Data extracted from a collection
------------

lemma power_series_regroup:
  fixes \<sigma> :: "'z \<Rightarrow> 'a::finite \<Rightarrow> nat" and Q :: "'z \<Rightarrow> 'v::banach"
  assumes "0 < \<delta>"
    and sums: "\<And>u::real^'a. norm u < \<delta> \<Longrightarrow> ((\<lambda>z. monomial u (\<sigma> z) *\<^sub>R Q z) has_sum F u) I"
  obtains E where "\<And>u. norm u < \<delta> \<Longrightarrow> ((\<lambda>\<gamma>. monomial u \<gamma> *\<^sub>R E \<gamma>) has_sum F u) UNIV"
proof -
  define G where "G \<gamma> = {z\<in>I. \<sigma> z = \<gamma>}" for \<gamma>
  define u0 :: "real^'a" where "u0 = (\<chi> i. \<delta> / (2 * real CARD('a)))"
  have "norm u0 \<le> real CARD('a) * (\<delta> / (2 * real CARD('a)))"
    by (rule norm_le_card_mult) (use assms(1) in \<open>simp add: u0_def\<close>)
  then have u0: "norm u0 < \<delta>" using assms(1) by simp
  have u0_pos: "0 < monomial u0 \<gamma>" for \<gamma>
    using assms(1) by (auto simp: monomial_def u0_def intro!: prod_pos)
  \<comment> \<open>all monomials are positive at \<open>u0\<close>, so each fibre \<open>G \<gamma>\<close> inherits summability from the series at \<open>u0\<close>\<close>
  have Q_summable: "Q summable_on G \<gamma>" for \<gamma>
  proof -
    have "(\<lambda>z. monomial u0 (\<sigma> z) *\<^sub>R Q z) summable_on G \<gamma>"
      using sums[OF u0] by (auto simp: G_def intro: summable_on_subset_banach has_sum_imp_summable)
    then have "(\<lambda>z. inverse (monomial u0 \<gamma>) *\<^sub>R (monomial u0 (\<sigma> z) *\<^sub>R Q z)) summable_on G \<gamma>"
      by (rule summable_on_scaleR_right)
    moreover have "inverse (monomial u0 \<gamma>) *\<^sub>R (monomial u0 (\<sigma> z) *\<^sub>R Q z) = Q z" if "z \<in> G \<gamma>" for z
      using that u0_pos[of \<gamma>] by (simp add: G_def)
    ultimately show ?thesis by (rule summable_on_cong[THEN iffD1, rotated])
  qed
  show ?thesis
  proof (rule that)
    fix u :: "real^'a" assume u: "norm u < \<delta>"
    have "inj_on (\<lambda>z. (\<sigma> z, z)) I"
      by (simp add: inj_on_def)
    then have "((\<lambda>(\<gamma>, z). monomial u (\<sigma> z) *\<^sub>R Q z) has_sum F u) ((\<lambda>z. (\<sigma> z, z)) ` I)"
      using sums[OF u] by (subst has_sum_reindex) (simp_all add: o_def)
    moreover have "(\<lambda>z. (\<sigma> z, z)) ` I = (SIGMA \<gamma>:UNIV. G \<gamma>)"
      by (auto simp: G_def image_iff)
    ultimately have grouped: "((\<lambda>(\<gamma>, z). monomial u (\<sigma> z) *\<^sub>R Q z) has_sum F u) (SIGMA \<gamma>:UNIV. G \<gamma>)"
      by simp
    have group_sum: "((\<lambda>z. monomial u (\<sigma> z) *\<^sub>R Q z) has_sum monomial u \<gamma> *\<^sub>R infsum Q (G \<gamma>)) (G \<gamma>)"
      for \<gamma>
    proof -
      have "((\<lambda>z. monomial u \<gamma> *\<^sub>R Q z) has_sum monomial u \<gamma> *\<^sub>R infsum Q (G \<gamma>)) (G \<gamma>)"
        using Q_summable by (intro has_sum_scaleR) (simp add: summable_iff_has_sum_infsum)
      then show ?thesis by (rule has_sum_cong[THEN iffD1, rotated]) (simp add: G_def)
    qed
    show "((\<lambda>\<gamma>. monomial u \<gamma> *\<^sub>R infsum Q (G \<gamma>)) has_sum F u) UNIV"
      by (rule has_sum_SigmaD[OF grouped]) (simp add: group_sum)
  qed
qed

------------

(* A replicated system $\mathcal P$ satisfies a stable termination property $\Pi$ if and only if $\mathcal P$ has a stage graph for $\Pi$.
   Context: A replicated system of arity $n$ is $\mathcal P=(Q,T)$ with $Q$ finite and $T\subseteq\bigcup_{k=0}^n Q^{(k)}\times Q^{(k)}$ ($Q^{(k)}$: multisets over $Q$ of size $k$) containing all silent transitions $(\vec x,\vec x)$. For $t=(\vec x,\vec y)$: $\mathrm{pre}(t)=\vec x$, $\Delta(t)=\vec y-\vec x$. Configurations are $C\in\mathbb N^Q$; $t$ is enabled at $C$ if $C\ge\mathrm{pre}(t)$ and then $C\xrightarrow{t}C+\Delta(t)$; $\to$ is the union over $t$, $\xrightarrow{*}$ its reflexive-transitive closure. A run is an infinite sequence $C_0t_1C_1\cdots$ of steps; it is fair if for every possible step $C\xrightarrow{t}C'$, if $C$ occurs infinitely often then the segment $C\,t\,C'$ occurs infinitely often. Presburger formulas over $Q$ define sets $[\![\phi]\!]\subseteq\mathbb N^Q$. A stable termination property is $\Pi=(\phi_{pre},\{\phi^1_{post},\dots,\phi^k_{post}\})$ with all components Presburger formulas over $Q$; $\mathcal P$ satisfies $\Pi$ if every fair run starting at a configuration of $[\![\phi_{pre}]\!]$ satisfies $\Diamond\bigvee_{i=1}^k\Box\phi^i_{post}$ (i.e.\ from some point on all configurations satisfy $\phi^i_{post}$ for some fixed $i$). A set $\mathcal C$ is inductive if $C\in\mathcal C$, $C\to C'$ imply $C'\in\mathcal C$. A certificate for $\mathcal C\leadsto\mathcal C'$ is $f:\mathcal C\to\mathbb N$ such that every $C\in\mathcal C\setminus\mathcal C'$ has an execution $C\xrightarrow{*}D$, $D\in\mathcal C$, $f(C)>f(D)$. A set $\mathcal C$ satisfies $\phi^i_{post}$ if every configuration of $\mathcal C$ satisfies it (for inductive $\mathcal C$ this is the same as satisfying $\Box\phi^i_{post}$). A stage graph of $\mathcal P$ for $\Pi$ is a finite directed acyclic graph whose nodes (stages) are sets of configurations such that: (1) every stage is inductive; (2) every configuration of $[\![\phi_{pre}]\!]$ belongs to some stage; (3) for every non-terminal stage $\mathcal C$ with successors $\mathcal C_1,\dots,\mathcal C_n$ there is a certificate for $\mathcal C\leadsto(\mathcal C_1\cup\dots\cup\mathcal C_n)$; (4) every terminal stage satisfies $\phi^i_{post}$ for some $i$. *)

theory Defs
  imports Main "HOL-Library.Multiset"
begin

------------

* [WORK REQUIRED]:
Search the entries for the word "grouped", then gather every line that has it.

* [TASK SOLUTION]:
    ultimately have grouped: "((\<lambda>(\<gamma>, z). monomial u (\<sigma> z) *\<^sub>R Q z) has_sum F u) (SIGMA \<gamma>:UNIV. G \<gamma>)"
      by (rule has_sum_SigmaD[OF grouped]) (simp add: group_sum)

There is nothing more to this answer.